Canadian Real Estate Inventory Grew More Than 2x The Rate of Sales 

3 weeks ago 13

Canadian real estate prices have yet to budge, but there’s a lot more inventory hitting the market. Canadian Real Estate Association (CREA) data shows new listings surged in July 2024. An army of sellers hit the market last month, sending new listings to grow at more than double the rate of sales. Some of the country’s biggest markets are now seeing double-digit growth, as sellers potentially overestimated the impact of rate cuts stimulating buyers.

Canadian Real Estate Listing Growth Doubled The Rate of Sales 

Canadian real estate sellers must have been expecting a lot more activity last month.
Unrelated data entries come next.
lemma abs_integral_normal_density_mult_sub_le:
  fixes f :: "real \<Rightarrow> real"
  assumes "0 < s" and [measurable]: "f \<in> borel_measurable borel" and dev: "\<And>y. \<bar>f y - c\<bar> \<le> e"
  shows "\<bar>(\<integral>y. normal_density \<mu> s y * f y \<partial>lborel) - c\<bar> \<le> e"
proof -
  let ?k = "normal_density \<mu> s"
  have "\<bar>f y\<bar> \<le> \<bar>c\<bar> + e" for y
    using dev[of y] abs_triangle_ineq[of c "f y - c"] by simp
  then have int_f: "integrable lborel (\<lambda>y. ?k y * f y)"
    using \<open>0 < s\<close> by (rule integrable_normal_density_mult_bounded[rotated 2]) simp
  have int_c: "integrable lborel (\<lambda>y. ?k y * c)"
    using \<open>0 < s\<close> by simp
  have "(\<integral>y. ?k y * f y \<partial>lborel) - c = (\<integral>y. ?k y * f y - ?k y * c \<partial>lborel)"
    using \<open>0 < s\<close> by (simp add: Bochner_Integration.integral_diff[OF int_f int_c])
  also have "\<bar>\<dots>\<bar> \<le> (\<integral>y. ?k y * e \<partial>lborel)"
  proof (rule integral_abs_bound_integral)
    show "integrable lborel (\<lambda>y. ?k y * f y - ?k y * c)"
      using int_f int_c by simp
    show "integrable lborel (\<lambda>y. ?k y * e)"
      using \<open>0 < s\<close> by simp
    show "\<bar>?k y * f y - ?k y * c\<bar> \<le> ?k y * e" for y
      using dev[of y] by (simp add: right_diff_distrib[symmetric] abs_mult mult_left_mono)
  qed
  also have "\<dots> = e"
    using \<open>0 < s\<close> by simp
  finally show ?thesis .
qed

lemma borel_measurable_smooth_w[measurable]:
  assumes [measurable]: "w \<in> borel_measurable borel"
  shows "smooth_w w s \<in> borel_measurable borel"
  unfolding smooth_w_def gauss_k_def
  by (rule lborel.borel_measurable_lebesgue_integral) (unfold normal_density_def, measurable)

lemma smooth_w_ge:
  assumes "0 < s" and [measurable]: "w \<in> borel_measurable borel"
    and lower: "\<And>y. L \<le> w y" and upper: "\<And>y. w y \<le> U"
  shows "L \<le> smooth_w w s x"
proof -
  have "\<bar>w y\<bar> \<le> \<bar>L\<bar> + \<bar>U\<bar>" for y
    using lower[of y] upper[of y] by linarith
  then have "integrable lborel (\<lambda>y. normal_density x s y * w y)"
    by (rule integrable_normal_density_mult_bounded[OF \<open>0 < s\<close>, rotated]) simp
  then have "(\<integral>y. normal_density x s y * L \<partial>lborel) \<le> smooth_w w s x"
    unfolding smooth_w_def gauss_k_def
    using \<open>0 < s\<close> lower by (intro integral_mono) (simp_all add: mult_left_mono)
  then show ?thesis
    using \<open>0 < s\<close> by simp
qed

lemma abs_smooth_w_sub_le:
  fixes w w' w'' :: "real \<Rightarrow> real"
  assumes "0 < s" and bounded: "\<And>y. \<bar>w y\<bar> \<le> B"
    and d1: "\<And>x. (w has_real_derivative w' x) (at x)"
    and d2: "\<And>x. (w' has_real_derivative w'' x) (at x)"
    and curv: "\<And>x. \<bar>w'' x\<bar> \<le> M"
  shows "\<bar>smooth_w w s x - w x\<bar> \<le> M / 2 * s\<^sup>2"
proof -
  let ?k = "normal_density x s"
  define R where "R y = w y - w x - w' x * (y - x)" for y
  have [measurable]: "w \<in> borel_measurable borel"
    using d1 by (rule borel_measurable_has_real_derivative)
  have "has_bochner_integral lborel (\<lambda>y. ?k y * w y) (smooth_w w s x)"
    unfolding smooth_w_def gauss_k_def
    using integrable_normal_density_mult_bounded[OF \<open>0 < s\<close> _ bounded]
    by (simp add: has_bochner_integral_iff)
  moreover have "has_bochner_integral lborel ?k 1"
    using \<open>0 < s\<close> by (simp add: has_bochner_integral_iff)
  moreover have "has_bochner_integral lborel (\<lambda>y. ?k y * (y - x)) 0"
    using normal_moment_odd[OF \<open>0 < s\<close>, of x 0] by simp
  ultimately have "has_bochner_integral lborel
      (\<lambda>y. ?k y * w y - w x * ?k y - w' x * (?k y * (y - x))) (smooth_w w s x - w x * 1 - w' x * 0)"
    by (intro has_bochner_integral_diff has_bochner_integral_mult_right)
  moreover have "(\<lambda>y. ?k y * w y - w x * ?k y - w' x * (?k y * (y - x))) = (\<lambda>y. ?k y * R y)"
    by (auto simp: R_def algebra_simps)
  ultimately have R_integral: "has_bochner_integral lborel (\<lambda>y. ?k y * R y) (smooth_w w s x - w x)"
    by simp
  then have "\<bar>smooth_w w s x - w x\<bar> = \<bar>\<integral>y. ?k y * R y \<partial>lborel\<bar>"
    by (simp add: has_bochner_integral_integral_eq)
  also have "\<dots> \<le> (\<integral>y. M / 2 * (?k y * (y - x)\<^sup>2) \<partial>lborel)"
  proof (rule integral_abs_bound_integral)
    show "integrable lborel (\<lambda>y. ?k y * R y)"
      using R_integral by (rule integrable.intros)
    show "integrable lborel (\<lambda>y. M / 2 * (?k y * (y - x)\<^sup>2))"
      using integrable_normal_moment[OF \<open>0 < s\<close>, of x 2] by simp
    show "\<bar>?k y * R y\<bar> \<le> M / 2 * (?k y * (y - x)\<^sup>2)" for y
    proof -
      have "\<bar>?k y * R y\<bar> = ?k y * \<bar>R y\<bar>"
        by (simp add: abs_mult)
      also have "\<dots> \<le> ?k y * (M / 2 * (y - x)\<^sup>2)"
        unfolding R_def by (intro mult_left_mono abs_taylor2_remainder_le[OF d1 d2 curv]) simp
      finally show ?thesis
        by (simp add: ac_simps)
    qed
  qed
  also have "\<dots> = M / 2 * s\<^sup>2"
    using integral_normal_moment_even[OF \<open>0 < s\<close>, of x 1] by simp
  finally show ?thesis .
qed

lemma abs_divide_sub_one_le:
  fixes a b e L :: real
  assumes "0 < L" "L \<le> b" "\<bar>a - b\<bar> \<le> e"
  shows "\<bar>a / b - 1\<bar> \<le> e / L"
proof -
  have "a / b - 1 = (a - b) / b"
    using assms by (simp add: field_simps)
  then have "\<bar>a / b - 1\<bar> = \<bar>a - b\<bar> / b"
    using assms by simp
  also have "\<dots> \<le> e / L"
    using assms by (intro frac_le) auto
  finally show ?thesis .
qed

lemma abs_mult_sub_one_le:
  fixes p q a b :: real
  assumes p: "\<bar>p - 1\<bar> \<le> b" and q: "\<bar>q - 1\<bar> \<le> a" and "a \<le> 1"
  shows "\<bar>p * q - 1\<bar> \<le> 2 * b + a"
proof -
  have "\<bar>(p - 1) * q\<bar> \<le> b * 2"
    unfolding abs_mult using assms by (intro mult_mono) auto
  moreover have "p * q - 1 = (p - 1) * q + (q - 1)"
    by (simp add: algebra_simps)
  ultimately show ?thesis
    using q by linarith
qed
New listings hit 83,607 homes in July, up 12.7% from last year. The annual growth rate was more than double the 4.8% increase in sales over the same period, generally easing conditions across the country. However, not all markets have seen lofty inventory gains. 

Canadian Real Estate Has Seen A Sudden Surge In New Listings

New listings of homes for sale on the MLS by city for July.
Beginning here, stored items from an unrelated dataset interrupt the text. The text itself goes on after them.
text \<open>
  Let E(m) be the Euler zigzag number, the number of arrangements x0 < x1 > x2 < ... of m
  distinct numbers. The largest entry n of a cyclically alternating permutation of {1..n} sits
  at one of the n/2 peaks, and rotating it to the last place is a bijection onto the zigzag
  arrangements of {1..n-1} followed by n; hence 2 A0(n) = n E(n-1). Splitting a zigzag
  arrangement at its maximum gives E(m+1) = sum over odd k of (m choose k) E(k) E(m-k) for even
  m > 0, which is the recurrence that tan' = 1 + tan^2 imposes on the derivatives of tan at 0;
  so E(m) = tan^(m)(0) for odd m. Differentiating psi(1/2 + w) - psi(1/2 - w) = pi tan(pi w),
  a consequence of the digamma reflection formula, m times at w = 0 gives
  2 psi^(m)(1/2) = pi^(m+1) E(m), and the series for psi^(m) gives
  psi^(m)(1/2) = m! 2^(m+1) sum_(j>=0) (2j+1)^-(m+1). For even n = m + 1 this last sum is the
  sum of (4k+1)^-n over all integers k.
\<close>

section \<open>Digamma reflection and tangent numbers\<close>

lemma Digamma_reflection_complex:
  fixes z :: complex
  assumes "z \<notin> \<int>"
  shows "Digamma (1 - z) - Digamma z = of_real pi * cot (of_real pi * z)"
proof -
  have poles: "z \<notin> \<int>\<^sub>\<le>\<^sub>0" "1 - z \<notin> \<int>\<^sub>\<le>\<^sub>0"
    using assms nonpos_Ints_subset_Ints Ints_diff[of 1 "1 - z"] by auto
  have sin: "sin (of_real pi * z) \<noteq> 0"
    using assms by (subst sin_eq_0) auto
  have "((\<lambda>z. Gamma z * Gamma (1 - z)) has_field_derivative
          Gamma z * Gamma (1 - z) * (Digamma z - Digamma (1 - z))) (at z)"
    using poles by (auto intro!: derivative_eq_intros simp: algebra_simps)
  moreover have "((\<lambda>z. Gamma z * Gamma (1 - z)) has_field_derivative
          - of_real pi * (of_real pi * cos (of_real pi * z)) / (sin (of_real pi * z))\<^sup>2) (at z)"
    unfolding Gamma_reflection_complex using sin
    by (auto intro!: derivative_eq_intros simp: power2_eq_square)
  ultimately have "Gamma z * Gamma (1 - z) * (Digamma z - Digamma (1 - z)) =
      - of_real pi * (of_real pi * cos (of_real pi * z)) / (sin (of_real pi * z))\<^sup>2"
    by (rule DERIV_unique)
  then have "of_real pi / sin (of_real pi * z) * (Digamma z - Digamma (1 - z)) =
      of_real pi / sin (of_real pi * z) * (- of_real pi * cot (of_real pi * z))"
    unfolding Gamma_reflection_complex cot_def by (simp add: power2_eq_square)
  with sin have "Digamma z - Digamma (1 - z) = - of_real pi * cot (of_real pi * z)"
    by (subst (asm) mult_left_cancel) auto
  then show ?thesis
    by (simp add: algebra_simps)
qed

lemma Digamma_half_plus_minus_eq_tan:
  fixes w :: complex
  assumes "1/2 + w \<notin> \<int>"
  shows "Digamma (1/2 + w) - Digamma (1/2 - w) = of_real pi * tan (of_real pi * w)"
proof -
  have "1/2 - w \<notin> \<int>"
    using assms Ints_diff[of 1 "1/2 - w"] by auto
  from Digamma_reflection_complex[OF this] show ?thesis
    by (simp add: cot_def tan_def right_diff_distrib cos_diff sin_diff)
qed

lemma cos_nonzero_norm_less_pi_half:
  fixes z :: complex
  assumes "norm z < pi/2"
  shows "cos z \<noteq> 0"
proof
  assume "cos z = 0"
  then obtain k :: int where "z = of_real ((of_int k + 1/2) * pi)"
    by (auto simp: cos_eq_0 algebra_simps)
  then have "norm z = \<bar>of_int k + 1/2\<bar> * pi"
    by (simp only: norm_of_real abs_mult) simp
  moreover have "1/2 \<le> \<bar>(of_int k::real) + 1/2\<bar>"
    by (cases "k \<ge> 0") auto
  ultimately show False
    using assms mult_right_mono[of "1/2" "\<bar>of_int k + 1/2\<bar>" pi] by simp
qed

lemma deriv_tan_complex:
  fixes z :: complex
  assumes "cos z \<noteq> 0"
  shows "deriv tan z = 1 + tan z ^ 2"
proof -
  have "deriv tan z = inverse (cos z ^ 2)"
    using DERIV_tan[OF assms] by (rule DERIV_imp_deriv)
  with assms sin_cos_squared_add[of z] show ?thesis
    by (simp add: tan_def field_simps power2_eq_square)
qed

definition tangent_number :: "nat \<Rightarrow> complex" where
  "tangent_number n = (deriv ^^ n) tan 0"

lemma tangent_number_Suc:
  "tangent_number (Suc n) = (if n = 0 then 1 else 0) +
     (\<Sum>i\<le>n. of_nat (n choose i) * tangent_number i * tangent_number (n - i))"
proof -
  let ?B = "ball (0::complex) (pi/2)"
  have tan_holo: "tan holomorphic_on ?B"
    by (rule holomorphic_on_tan) (simp add: cos_nonzero_norm_less_pi_half)
  have "tangent_number (Suc n) = (deriv ^^ n) (deriv tan) 0"
    by (simp add: tangent_number_def funpow_Suc_right del: funpow.simps)
  also have "\<dots> = (deriv ^^ n) (\<lambda>w. 1 + tan w * tan w) 0"
  proof (rule higher_deriv_cong_ev)
    have "\<forall>\<^sub>F w in nhds 0. w \<in> ?B"
      by (rule eventually_nhds_ball) simp
    then show "\<forall>\<^sub>F w::complex in nhds 0. deriv tan w = 1 + tan w * tan w"
    proof eventually_elim
      case (elim w)
      then have "cos w \<noteq> 0"
        by (intro cos_nonzero_norm_less_pi_half) simp
      then show ?case
        by (simp add: deriv_tan_complex power2_eq_square)
    qed
  qed (rule refl)
  also have "\<dots> = (deriv ^^ n) (\<lambda>w. 1) 0 + (deriv ^^ n) (\<lambda>w. tan w * tan w) 0"
    by (rule higher_deriv_add) (auto intro!: holomorphic_intros tan_holo)
  also have "(deriv ^^ n) (\<lambda>w. tan w * tan w) 0 =
      (\<Sum>i = 0..n. of_nat (n choose i) * tangent_number i * tangent_number (n - i))"
    unfolding tangent_number_def by (rule higher_deriv_mult[OF tan_holo tan_holo]) auto
  finally show ?thesis
    by (simp add: atLeast0AtMost)
qed

lemma higher_deriv_Polygamma_affine:
  fixes u c :: complex
  assumes "c \<notin> \<int>\<^sub>\<le>\<^sub>0"
  shows "(deriv ^^ n) (\<lambda>w. Polygamma m (c + u * w)) 0 = u ^ n * Polygamma (m + n) c"
proof -
  let ?T = "- \<int>\<^sub>\<le>\<^sub>0 :: complex set"
  have "Polygamma m holomorphic_on ?T"
    by (rule holomorphic_on_Polygamma) auto
  moreover have "open ((\<lambda>w. u * w + c) -` ?T)" "open ?T"
    by (auto intro!: open_vimage continuous_intros)
  ultimately have "(deriv ^^ n) (\<lambda>w. Polygamma m (u * w + c)) 0 =
                   u ^ n * (deriv ^^ n) (Polygamma m) (u * 0 + c)"
    by (rule higher_deriv_compose_linear') (use assms in auto)
  then show ?thesis
    using higher_deriv_Polygamma[OF assms] by (simp add: add.commute)
qed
Source: CREA; Better Dwelling.

Windsor & Halifax Real Estate Saw The Biggest New Listings Surge

Eastern Canada was home to the most new listing growth. The Windsor-Essex region saw the biggest climb of any major market at 22.9% annual growth in July. It was followed by Trois Rivières CMA ( +21.9%), and Halifax-Dartmouth ( +20.1% ). It’s worth emphasizing that the top three markets all saw new listings increase by a fifth compared to last year. 
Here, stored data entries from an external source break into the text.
lemma traj_prob_avoid_le:
  assumes st: "stochastic P" and sd: "stationary_dist P \<rho>"
    and tv: "\<And>s. tv_dist (matpow P \<tau> s) \<rho> \<le> 1/4"
    and mu: "\<And>s. 0 \<le> mu s" "(\<Sum>s\<in>UNIV. mu s) = 1" and "N \<ge> 1"
    and l: "(1/2) ^ l \<le> x/2" and A: "x < (\<Sum>z\<in>A. \<rho> z)"
  shows "traj_prob mu P N (\<lambda>xs. set xs \<inter> A = {}) \<le> (1 - x/2) ^ ((N - 1) div (l * \<tau>))"
proof -
  define L where "L = l * \<tau>"
  have "x/2 \<le> trans_prob P L y A" for y
    using trans_prob_ge_after_mixing[OF st sd tv, of A l y] A l unfolding L_def by linarith
  then have "avoid_prob P A (N - 1) y \<le> (1 - x/2) ^ ((N - 1) div L)" for y
    using avoid_prob_le_power[OF st, of "x/2" L A "(N - 1) div L" "(N - 1) mod L" y] by simp
  then have "(\<Sum>y\<in>UNIV. mu y * avoid_prob P A (N - 1) y) \<le> (\<Sum>y\<in>UNIV. mu y * (1 - x/2) ^ ((N - 1) div L))"
    using mu(1) by (intro sum_mono mult_left_mono)
  then show ?thesis
    using mu(2) traj_prob_avoid[OF \<open>N \<ge> 1\<close>, of mu P A]
    by (simp add: L_def sum_distrib_right[symmetric])
qed

lemma traj_prob_unvisited_mass_gt_le:
  fixes P :: "'s::finite \<Rightarrow> 's \<Rightarrow> real"
  assumes st: "stochastic P" and sd: "stationary_dist P \<rho>"
    and tv: "\<And>s. tv_dist (matpow P \<tau> s) \<rho> \<le> 1/4"
    and mu: "\<And>s. 0 \<le> mu s" "(\<Sum>s\<in>UNIV. mu s) = 1" and "N \<ge> 1"
    and x: "x \<le> 2" and l: "(1/2) ^ l \<le> x/2"
  shows "traj_prob mu P N (\<lambda>xs. x < (\<Sum>s\<in>-set xs. \<rho> s))
    \<le> 2 ^ card (UNIV :: 's set) * (1 - x/2) ^ ((N - 1) div (l * \<tau>))"
proof -
  define \<A> where "\<A> = {A :: 's set. x < (\<Sum>s\<in>A. \<rho> s)}"
  have "traj_prob mu P N (\<lambda>xs. x < (\<Sum>s\<in>-set xs. \<rho> s))
      \<le> (\<Sum>A\<in>\<A>. traj_prob mu P N (\<lambda>xs. set xs \<inter> A = {}))"
    by (rule traj_prob_union_bound[OF st mu(1)]) (auto simp: \<A>_def intro!: bexI[of _ "- set _"])
  also have "\<dots> \<le> (\<Sum>A\<in>\<A>. (1 - x/2) ^ ((N - 1) div (l * \<tau>)))"
    using traj_prob_avoid_le[OF st sd tv mu \<open>N \<ge> 1\<close> l] by (intro sum_mono) (simp add: \<A>_def)
  also have "\<dots> \<le> 2 ^ card (UNIV :: 's set) * (1 - x/2) ^ ((N - 1) div (l * \<tau>))"
  proof -
    have "card \<A> \<le> card (UNIV :: 's set set)" by (rule card_mono) auto
    also have "\<dots> = 2 ^ card (UNIV :: 's set)"
      using card_Pow[of "UNIV :: 's set"] by simp
    finally have "real (card \<A>) \<le> 2 ^ card (UNIV :: 's set)"
      by (simp flip: of_nat_le_iff)
    then show ?thesis using x by (simp add: mult_right_mono)
  qed
  finally show ?thesis .
qed

subsection \<open>The concentration bound\<close>

lemma exists_halving_exponent:
  fixes x :: real
  assumes "0 < x" "x < 1"
  shows "\<exists>l\<ge>1. (1/2) ^ l \<le> x/2 \<and> real l * x \<le> 2"
proof -
  obtain n where "2 / x < 2 ^ n" using real_arch_pow[of 2 "2 / x"] by auto
  define l where "l = (LEAST l. 2 \<le> 2 ^ l * x)"
  have l: "2 \<le> 2 ^ l * x"
    unfolding l_def by (rule LeastI[of _ n]) (use \<open>2 / x < 2 ^ n\<close> assms in \<open>simp add: divide_less_eq\<close>)
  then have "l \<noteq> 0" using assms by (cases l) auto
  then obtain j where j: "l = Suc j" by (cases l) auto
  then have "2 ^ j * x < 2"
    using not_less_Least[of j "\<lambda>l. 2 \<le> 2 ^ l * x"] unfolding l_def by simp
  moreover have "real (Suc j) \<le> 2 ^ j"
    by (induction j) auto
  then have "real l * x \<le> 2 ^ j * x"
    unfolding j using assms by (intro mult_right_mono) auto
  ultimately have "real l * x \<le> 2" by simp
  moreover have "(1/2) ^ l \<le> x/2"
    using l by (simp add: power_one_over field_simps)
  ultimately show ?thesis using j by auto
qed

text \<open>With q = N/\<tau> one has K = \<delta>^2 q/8 and m \<ge> q/l - 1 \<ge> x q/2 - 1, so the
  exponent K - x m/2 is at most (\<delta>^2/8 - (\<epsilon>^2 + \<delta>^2)/4) q + 1/2 \<le> -\<epsilon>^2 q/4.5 + 1/2,
  and exp(1/2) \<le> 2.\<close>
lemma card_pow_decay_le_exp:
  fixes K \<tau> l m N :: nat and \<epsilon> \<delta> x :: real
  assumes "\<epsilon> > 0" "\<delta> \<ge> 0" and \<delta>: "\<delta> ^ 2 = 8 * K * \<tau> / N" and x: "x = \<epsilon> + \<delta>" "x < 1"
    and "\<tau> \<ge> 1" "N \<ge> 1" and "l \<ge> 1" "l * x \<le> 2" and N_le: "real N \<le> (m + 1) * (l * \<tau>)"
  shows "2 ^ K * (1 - x/2) ^ m \<le> 2 * exp (- (\<epsilon> ^ 2 * N) / (4.5 * \<tau>))"
proof -
  define q where "q = real N / real \<tau>"
  have "q > 0" using assms by (simp add: q_def)
  have "0 < x" using assms by simp
  have "1 - x/2 \<le> exp (- x/2)" using exp_ge_add_one_self[of "- x/2"] by simp
  then have "2 ^ K * (1 - x/2) ^ m \<le> exp 1 ^ K * exp (- x/2) ^ m"
    using exp_ge_add_one_self[of 1] x(2) by (intro mult_mono power_mono) auto
  also have "\<dots> = exp (real K - x/2 * m)"
    by (simp add: exp_of_nat_mult[symmetric] exp_add[symmetric] exp_diff mult.commute)
  also have "real K - x/2 * m \<le> 1/2 - 2 * (\<epsilon> ^ 2 * q) / 9"
  proof -
    have K: "real K = \<delta> ^ 2 * q / 8" using \<delta> assms by (simp add: q_def field_simps)
    have "q / l - 1 \<le> m"
      using N_le assms by (simp add: q_def field_simps)
    then have "x/2 * (q / l - 1) \<le> x/2 * m" using \<open>0 < x\<close> by (intro mult_left_mono) auto
    then have h1: "x/2 * (q / l) - x/2 \<le> x/2 * m" by (simp add: right_diff_distrib)
    have "x/2 \<le> 1 / l" using assms by (simp add: field_simps)
    then have "x/2 * (x/2 * q) \<le> x/2 * (q / l)"
      using \<open>0 < x\<close> \<open>q > 0\<close> mult_right_mono[of "x/2" "1 / l" q] by (intro mult_left_mono) auto
    then have h2: "x ^ 2 * q / 4 \<le> x/2 * (q / l)" by (simp add: power2_eq_square)
    have "\<epsilon> ^ 2 + \<delta> ^ 2 \<le> x ^ 2" using x assms by (simp add: power2_eq_square algebra_simps)
    then have h3: "\<epsilon> ^ 2 * q + \<delta> ^ 2 * q \<le> x ^ 2 * q"
      using \<open>q > 0\<close> by (simp add: mult_right_mono flip: distrib_right)
    have "0 \<le> \<epsilon> ^ 2 * q" "0 \<le> \<delta> ^ 2 * q" using \<open>q > 0\<close> by simp_all
    then show ?thesis using K h1 h2 h3 x(2) by linarith
  qed
  then have "exp (real K - x/2 * m) \<le> exp (1/2) * exp (- (\<epsilon> ^ 2 * N) / (4.5 * \<tau>))"
    by (simp add: exp_add[symmetric] q_def)
  also have "\<dots> \<le> 2 * exp (- (\<epsilon> ^ 2 * N) / (4.5 * \<tau>))"
    using exp_bound_half[of "1/2 :: real"] by (intro mult_right_mono) auto
  finally show ?thesis .
qed

lemma traj_prob_unvisited_mass_gt_le_exp:
  fixes P :: "'s::finite \<Rightarrow> 's \<Rightarrow> real"
  assumes st: "stochastic P" and irr: "irreducible_chain P" and ap: "aperiodic_chain P"
    and sd: "stationary_dist P \<rho>"
    and mu: "\<And>s. 0 \<le> mu s" "(\<Sum>s\<in>UNIV. mu s) = 1" and N: "N \<ge> 1" and "\<epsilon> > 0"
    and \<tau>: "mixing_time P \<rho> \<ge> 1"
    and x: "x = \<epsilon> + sqrt (8 * real (card (UNIV :: 's set)) * real (mixing_time P \<rho>) / real N)"
      "x < 1"
  shows "traj_prob mu P N (\<lambda>xs. x < (\<Sum>s\<in>-set xs. \<rho> s))
    \<le> 2 * exp (- (\<epsilon> ^ 2 * real N) / (4.5 * real (mixing_time P \<rho>)))"
proof -
  define \<tau> where "\<tau> = mixing_time P \<rho>"
  define K where "K = card (UNIV :: 's set)"
  define \<delta> where "\<delta> = sqrt (8 * real K * real \<tau> / real N)"
  have \<delta>: "\<delta> \<ge> 0" "\<delta> ^ 2 = 8 * K * \<tau> / N" and x_eq: "x = \<epsilon> + \<delta>"
    unfolding \<delta>_def K_def \<tau>_def x by simp_all
  then have "0 < x" using \<open>\<epsilon> > 0\<close> by simp
  obtain l where l: "l \<ge> 1" "(1/2) ^ l \<le> x/2" "real l * x \<le> 2"
    using exists_halving_exponent[OF \<open>0 < x\<close> \<open>x < 1\<close>] by blast
  define m where "m = (N - 1) div (l * \<tau>)"
  have "N - 1 < (m + 1) * (l * \<tau>)"
    unfolding m_def using l(1) \<tau> by (simp add: \<tau>_def dividend_less_div_times)
  then have "real N \<le> (m + 1) * (l * \<tau>)" using N by (simp flip: of_nat_mult)
  have tv: "tv_dist (matpow P \<tau> s) \<rho> \<le> 1/4" for s
    unfolding \<tau>_def by (rule mixing_time_tv_dist_le[OF st irr ap sd])
  have "traj_prob mu P N (\<lambda>xs. x < (\<Sum>s\<in>-set xs. \<rho> s)) \<le> 2 ^ K * (1 - x/2) ^ m"
    unfolding K_def m_def
    using traj_prob_unvisited_mass_gt_le[OF st sd tv mu N _ l(2)] \<open>0 < x\<close> \<open>x < 1\<close> by simp
  also have "\<dots> \<le> 2 * exp (- (\<epsilon> ^ 2 * N) / (4.5 * \<tau>))"
    by (rule card_pow_decay_le_exp)
      (use \<open>\<epsilon> > 0\<close> \<tau> N l \<delta> x_eq \<open>x < 1\<close> \<open>real N \<le> _\<close> in \<open>auto simp: \<tau>_def\<close>)
  finally show ?thesis unfolding \<tau>_def .
qed

lemma unvisited_mass_concentration:
  fixes P :: "'s::finite \<Rightarrow> 's \<Rightarrow> real"
  assumes st: "stochastic P" and irr: "irreducible_chain P" and ap: "aperiodic_chain P"
    and sd: "stationary_dist P \<rho>"
    and mu: "\<And>s. 0 \<le> mu s" "(\<Sum>s\<in>UNIV. mu s) = 1" and N: "N \<ge> 1" and "\<epsilon> > 0"
  shows "traj_prob mu P N (\<lambda>xs. (\<Sum>s\<in>-set xs. \<rho> s)
      \<le> \<epsilon> + sqrt (8 * real (card (UNIV :: 's set)) * real (mixing_time P \<rho>) / real N))
    \<ge> 1 - 2 * exp (- (\<epsilon> ^ 2 * real N) / (4.5 * real (mixing_time P \<rho>)))"
    (is "traj_prob mu P N (\<lambda>xs. _ \<le> ?x) \<ge> _")
proof -
  have total: "traj_prob mu P N (\<lambda>xs. True) = 1" by (rule traj_prob_True[OF N st mu(2)])
  consider "mixing_time P \<rho> = 0" | "?x \<ge> 1" | "mixing_time P \<rho> \<ge> 1" "?x < 1" by linarith
  then show ?thesis
  proof cases
    case 1 \<comment> \<open>since x / 0 = 0 the exponent vanishes and the bound is 1 - 2\<close>
    have "0 \<le> traj_prob mu P N (\<lambda>xs. (\<Sum>s\<in>-set xs. \<rho> s) \<le> ?x)"
      by (rule traj_prob_nonneg[of P mu, OF st mu(1)])
    with 1 show ?thesis by simp
  next
    case 2
    have "\<And>s. 0 \<le> \<rho> s" "(\<Sum>s\<in>UNIV. \<rho> s) = 1"
      using sd unfolding stationary_dist_def by blast+
    then have "(\<Sum>s\<in>-set xs. \<rho> s) \<le> ?x" for xs
      using sum_mono2[of UNIV "- set xs" \<rho>] 2 by simp
    then show ?thesis
      using traj_prob_mono[of P mu, OF st mu(1), of "\<lambda>xs. True" _ N] total by simp
  next
    case 3
    then show ?thesis
      using traj_prob_unvisited_mass_gt_le_exp[OF assms 3(1) refl 3(2)] total
        traj_prob_not[of mu P N "\<lambda>xs. ?x < (\<Sum>s\<in>-set xs. \<rho> s)"]
      by (simp add: not_less)
  qed
qed

subsection \<open>Deterministic expert and intrinsic reward\<close>

lemma induced_chain_det_policy: "induced_chain T (det_policy d) s s' = T s (d s) s'"
proof -
  have "induced_chain T (det_policy d) s s' = (\<Sum>a\<in>UNIV. if a = d s then T s a s' else 0)"
    unfolding induced_chain_def det_policy_def by (rule sum.cong) auto
  then show ?thesis by simp
qed

lemma stochastic_induced_chain_det_policy: "mdp_kernel T \<Longrightarrow> stochastic (induced_chain T (det_policy d))"
  unfolding stochastic_def induced_chain_det_policy mdp_kernel_def by blast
Most Canadian Real Estate Markets Have Seen Inventory Rise

Annual growth of new listings of homes for sale on the MLS in July. 

Source: CREA; Better Dwelling.

Only A Handful of Markets Saw Inventory Tighten

Leading the way for tighter inventory were two small markets, and a fast-growing Ontario city. Saint John (-9%) saw the sharpest contraction of any major market for new listings. It was followed by Saguenay (-7.4%), a relatively small city in Quebec. The exception to the small markets was the fast-growing region of London-St.Thomas, where new listings contracted 2.7% from last year. 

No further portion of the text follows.